To do:
Nothing in the records may be dropped. Retype them all exactly.

Records supplied: Begin

lemma act_word_z_power:
  "act_word G gens (replicate n (Suc (Suc (length gens)), b)) (pos, c, L)
     = (pos, if b then c - int n else c + int n, L)"
  by (induction n arbitrary: c) auto

lemma act_node_word:
  "-1 \<le> i \<Longrightarrow> act_word G gens (node_word (length gens) i b) (pos, 0, L) = (rmul pos (i, b), 0, L)"
proof (cases "i < 0")
  case True
  moreover assume "-1 \<le> i"
  ultimately have "i = -1" by simp
  then show ?thesis by (simp add: node_word_def)
qed (simp add: node_word_def act_word_z_power)

context group_with_gens
begin

lemma act_domino_word:
  assumes "-1 \<le> i" "-1 \<le> j" "word_over (length gens) u" "\<forall>p. L p \<in> carrier G"
  shows "act_word G gens (domino_word (length gens) (i, u, j)) (pos, 0, L)
    = (let P = rmul pos (i, False) in (rmul P (j, True), 0, L(P := L P \<otimes> piG G gens u)))"
  using assms by (simp add: act_node_word act_word_over_gens Let_def)

text \<open>The invariant of states reached by dominoes from the identity.\<close>

definition domino_inv :: "domino set \<Rightarrow> 'a state \<Rightarrow> bool" where
  "domino_inv D s \<longleftrightarrow> (case s of (pos, c, L) \<Rightarrow> c = 0 \<and> (\<forall>p. L p \<in> carrier G) \<and>
     ((\<not> prefix [(0, False)] pos \<and> L [(0, False)] = \<one>)
      \<or> (prefix [(0, False)] pos \<and> (\<forall>j. \<not> prefix [(0, False), (j, True)] pos))
      \<or> (\<exists>j u. prefix [(0, False), (j, True)] pos \<and> domino_path D 0 u j
           \<and> L [(0, False)] = piG G gens u)))"

lemma domino_inv_enter_branch:
  assumes d: "(i, u, j) \<in> D" and D: "\<forall>(i, v, j)\<in>D. word_over (length gens) v"
    and L: "\<forall>p. L p \<in> carrier G"
    and path: "domino_path D 0 u0 i" and root: "L [(0, False)] = piG G gens u0"
  shows "domino_inv D ([(0, False), (j, True)], 0, L([(0, False)] := L [(0, False)] \<otimes> piG G gens u))"
proof -
  have "word_over (length gens) u" "word_over (length gens) u0"
    using d D domino_path_word_over[OF path D] by auto
  then show ?thesis
    using domino_path_snoc[OF path d] root L
    by (auto simp: domino_inv_def piG_append piG_closed)
qed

Records supplied: End

Expected output:
lemma act_word_z_power:
  "act_word G gens (replicate n (Suc (Suc (length gens)), b)) (pos, c, L)
     = (pos, if b then c - int n else c + int n, L)"
  by (induction n arbitrary: c) auto

lemma act_node_word:
  "-1 \<le> i \<Longrightarrow> act_word G gens (node_word (length gens) i b) (pos, 0, L) = (rmul pos (i, b), 0, L)"
proof (cases "i < 0")
  case True
  moreover assume "-1 \<le> i"
  ultimately have "i = -1" by simp
  then show ?thesis by (simp add: node_word_def)
qed (simp add: node_word_def act_word_z_power)

context group_with_gens
begin

lemma act_domino_word:
  assumes "-1 \<le> i" "-1 \<le> j" "word_over (length gens) u" "\<forall>p. L p \<in> carrier G"
  shows "act_word G gens (domino_word (length gens) (i, u, j)) (pos, 0, L)
    = (let P = rmul pos (i, False) in (rmul P (j, True), 0, L(P := L P \<otimes> piG G gens u)))"
  using assms by (simp add: act_node_word act_word_over_gens Let_def)

text \<open>The invariant of states reached by dominoes from the identity.\<close>

definition domino_inv :: "domino set \<Rightarrow> 'a state \<Rightarrow> bool" where
  "domino_inv D s \<longleftrightarrow> (case s of (pos, c, L) \<Rightarrow> c = 0 \<and> (\<forall>p. L p \<in> carrier G) \<and>
     ((\<not> prefix [(0, False)] pos \<and> L [(0, False)] = \<one>)
      \<or> (prefix [(0, False)] pos \<and> (\<forall>j. \<not> prefix [(0, False), (j, True)] pos))
      \<or> (\<exists>j u. prefix [(0, False), (j, True)] pos \<and> domino_path D 0 u j
           \<and> L [(0, False)] = piG G gens u)))"

lemma domino_inv_enter_branch:
  assumes d: "(i, u, j) \<in> D" and D: "\<forall>(i, v, j)\<in>D. word_over (length gens) v"
    and L: "\<forall>p. L p \<in> carrier G"
    and path: "domino_path D 0 u0 i" and root: "L [(0, False)] = piG G gens u0"
  shows "domino_inv D ([(0, False), (j, True)], 0, L([(0, False)] := L [(0, False)] \<otimes> piG G gens u))"
proof -
  have "word_over (length gens) u" "word_over (length gens) u0"
    using d D domino_path_word_over[OF path D] by auto
  then show ?thesis
    using domino_path_snoc[OF path d] root L
    by (auto simp: domino_inv_def piG_append piG_closed)
qed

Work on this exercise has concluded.